If you ain't dutch, you ain't much.
posted by tweak at 9:37 AM on October 12, 2005


Dutchman bounces a Czech.
The Dutch qualified for next year's World Cup finals last Saturday, but the game was no picnic. Maybe that's what your t-shirt is about??
posted by Floydd at 9:55 AM on October 12, 2005


A search for "dutch picnic soccer" turns up this answer:

I have a feeling Mr. Ruud Van Nistelrooy is the target on this one. Ruud likes to set himself in an offsides postion durring set pieces, corners, and various plays and quickly move onside before a ball is sent. He has to have the most offsides calls in the premiership. F365 is calling this the Dutch Picnic.
posted by jrossi4r at 10:11 AM on October 12, 2005


the long-running ethnic joke that the Dutch are cheap
From my perspective while socializing with Scandinavian friends; it's the economy that leaves the dilemma for each person covering their cost.
posted by thomcatspike at 10:26 AM on October 12, 2005


Doesn't it work out the same in the Land of the Free, thomcatspike, if you treat, then they treat? Except for those freeloaders eating out of the dumpster.
posted by weapons-grade pandemonium at 10:51 AM on October 12, 2005


jrossi4r seems to have the right idea, but I don't think that is it... it's just one guy's guess in a forum.

(I get the other "Dutch" references, but they don't seem to have anything to do with the question I asked)

May have to email football365 and see what they have to say.
posted by krunk at 11:02 AM on October 12, 2005


Trinity Lutheran Church in Westminster, Maryland, takes credit for orginating Dutch Picnics.
posted by Carol Anne at 11:21 AM on October 12, 2005


Quinion's World Wide Words has this to say about other terms using "Dutch"
posted by grateful at 1:15 PM on October 12, 2005


'Dutch' as a pejorative meaning cheap or inadequate comes from the massive English rivalry with the Dutch for colonial power and command of trade routes during the Age of Sail. You can find a bewilderingly long list of expressions like 'Dutch treat', 'Dutch courage', 'Dutch uncle', 'Dutch auction', 'Dutch trade' etc, all of which were once employed as a way of demeaning Dutch everything and implying cheapness.

What that has to do with your shirt, I don't know.
posted by Miko at 2:11 PM on October 12, 2005


Have you tried contacting 365.com and asking them?

(not a snark, just curious)
posted by Catch at 3:50 PM on October 12, 2005


The description for the shirt says, "That's a bit of a Dutch picnic!" My assumption for the tone of this leads me to believe it means something like a clusterf**k. Chinese fire drill, anyone?* After all, the store is based in the UK, so (as mentioned) there's probably some rivalry there.
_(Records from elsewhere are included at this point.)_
lemma PD_eq_sum_splits:
  assumes conn: "\<forall>a\<in>V. \<forall>b\<in>V. reach E a b" and "finite E"
    and edges: "\<forall>e\<in>E. \<exists>u v. e = {u, v} \<and> u \<in> V \<and> v \<in> V" and "phi ` X \<subseteq> V"
  obtains Q where "\<And>B. B \<subseteq> X \<Longrightarrow> PD E w phi B = (\<Sum>e\<in>E. w e * of_bool (splits (Q e) B))"
proof -
  have "\<forall>e\<in>E. \<exists>u v. e = {u, v} \<and> u \<in> V" using edges by blast
  then obtain u where u: "\<forall>e\<in>E. \<exists>v. e = {u e, v} \<and> u e \<in> V"
    by (auto dest!: bchoice)
  define Q where "Q e = phi -` {a. reach (E - {e}) (u e) a}" for e
  have "PD E w phi B = (\<Sum>e\<in>E. w e * of_bool (splits (Q e) B))" if "B \<subseteq> X" for B
  proof -
    have B: "phi ` B \<subseteq> V" using \<open>B \<subseteq> X\<close> \<open>phi ` X \<subseteq> V\<close> by blast
    have "e \<in> span_edges E (phi ` B) \<longleftrightarrow> splits (Q e) B" if "e \<in> E" for e
    proof -
      obtain v where uv: "e = {u e, v}" "u e \<in> V" using u \<open>e \<in> E\<close> by blast
      show ?thesis
        using span_edges_iff_splits[OF conn \<open>e \<in> E\<close> uv B] by (simp add: Q_def splits_image)
    qed
    moreover have "span_edges E (phi ` B) \<subseteq> E"
      using B conn by (intro span_edges_subset) auto
    then have "PD E w phi B = (\<Sum>e\<in>E \<inter> span_edges E (phi ` B). w e)"
      unfolding PD_def by (simp add: Int_absorb1)
    ultimately show ?thesis
      using \<open>finite E\<close> by (simp add: sum.inter_restrict of_bool_def if_distrib cong: if_cong)
  qed
  then show ?thesis by (rule that)
qed

lemma linear_splits_identity_transfer:
  fixes f :: "'a set \<Rightarrow> real"
  assumes f: "\<And>B. B \<in> insert A \<B> \<Longrightarrow> f B = (\<Sum>e\<in>E. w e * of_bool (splits (Q e) B))"
    and identity: "\<And>Q. of_bool (splits Q A) = (\<Sum>B\<in>\<B>. c B * of_bool (splits Q B))"
  shows "f A = (\<Sum>B\<in>\<B>. c B * f B)"
proof -
  have "f A = (\<Sum>e\<in>E. \<Sum>B\<in>\<B>. w e * (c B * of_bool (splits (Q e) B)))"
    by (simp add: f identity sum_distrib_left)
  also have "\<dots> = (\<Sum>B\<in>\<B>. c B * f B)"
    by (subst sum.swap) (simp add: f sum_distrib_left mult.left_commute)
  finally show ?thesis .
qed

theorem theorem3:
  fixes V :: "'v set" and E :: "'v set set" and w :: "'v set \<Rightarrow> real"
    and X :: "'x set" and phi :: "'x \<Rightarrow> 'v"
  assumes tree: "is_tree V E"
    and labels: "bij_betw phi X (leaves V E)"
    and nonneg: "\<forall>e\<in>E. w e \<ge> 0"
  shows "(\<forall>A. A \<subseteq> X \<longrightarrow>
            PD E w phi A = (\<Sum>B\<in>Pow A. (-1) ^ card B * PD E w phi B))
       \<and> (\<forall>A. A \<subseteq> X \<longrightarrow> odd (card A) \<longrightarrow>
            PD E w phi A =
              (\<Sum>B\<in>{B. B \<subset> A \<and> even (card B)}.
                 tangent_number (card A - card B) / 2 ^ (card A - card B) * PD E w phi B))"
proof -
  have "finite V" and edges: "\<forall>e\<in>E. \<exists>u v. e = {u, v} \<and> u \<in> V \<and> v \<in> V"
    and conn: "\<forall>a\<in>V. \<forall>b\<in>V. reach E a b"
    using tree unfolding is_tree_def by auto
  have "E \<subseteq> Pow V" using edges by auto
  with \<open>finite V\<close> have "finite E" by (simp add: finite_subset)
  have "leaves V E \<subseteq> V" unfolding leaves_def by blast
  then have "finite X" and "phi ` X \<subseteq> V"
    using labels \<open>finite V\<close> by (simp_all add: bij_betw_finite bij_betw_imp_surj_on finite_subset)
  obtain Q where PD: "\<And>B. B \<subseteq> X \<Longrightarrow> PD E w phi B = (\<Sum>e\<in>E. w e * of_bool (splits (Q e) B))"
    using PD_eq_sum_splits[OF conn \<open>finite E\<close> edges \<open>phi ` X \<subseteq> V\<close>] by blast
  have "PD E w phi A = (\<Sum>B\<in>Pow A. (-1) ^ card B * PD E w phi B)" if A: "A \<subseteq> X" for A
  proof (rule linear_splits_identity_transfer[where Q = Q])
    show "PD E w phi B = (\<Sum>e\<in>E. w e * of_bool (splits (Q e) B))" if "B \<in> insert A (Pow A)" for B
      using that A by (intro PD) auto
  qed (rule splits_eq_alternating_sum[OF finite_subset[OF A \<open>finite X\<close>]])
  moreover have "PD E w phi A = (\<Sum>B\<in>{B. B \<subset> A \<and> even (card B)}.
      tangent_number (card A - card B) / 2 ^ (card A - card B) * PD E w phi B)"
    if A: "A \<subseteq> X" and odd: "odd (card A)" for A
  proof (rule linear_splits_identity_transfer[where Q = Q])
    show "PD E w phi B = (\<Sum>e\<in>E. w e * of_bool (splits (Q e) B))"
      if "B \<in> insert A {B. B \<subset> A \<and> even (card B)}" for B
      using that A by (intro PD) auto
  qed (rule splits_eq_tangent_sum[OF finite_subset[OF A \<open>finite X\<close>] odd])
  ultimately show ?thesis by blast
qed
On the other hand, their slogan is "By the fans for the fans!", so perhaps the shirt is for fans of the Dutch soccer team, and indicates that they feel a game against any opponent is a "picnic" - easy, maybe so much so it's almost not worth the time it takes.

*No offense meant toward any Chinese, or firemen, or Chinese firemen. Just pointing out a more common saying (with a similar meaning?)
posted by attercoppe at 8:52 PM on October 12, 2005


desuetude: my first stop for this kind of reference is a book by Jonathon Green: Words Apart: The Language of Prejudice (1996). I don't have it near me to check for Dutch Picnic, but it is interesting reading and good reference. The Powell's robot appears to have partially confused this book with a different Words Apart: A dictionary of Northern Ireland English but it looks like the listing is otherwise right.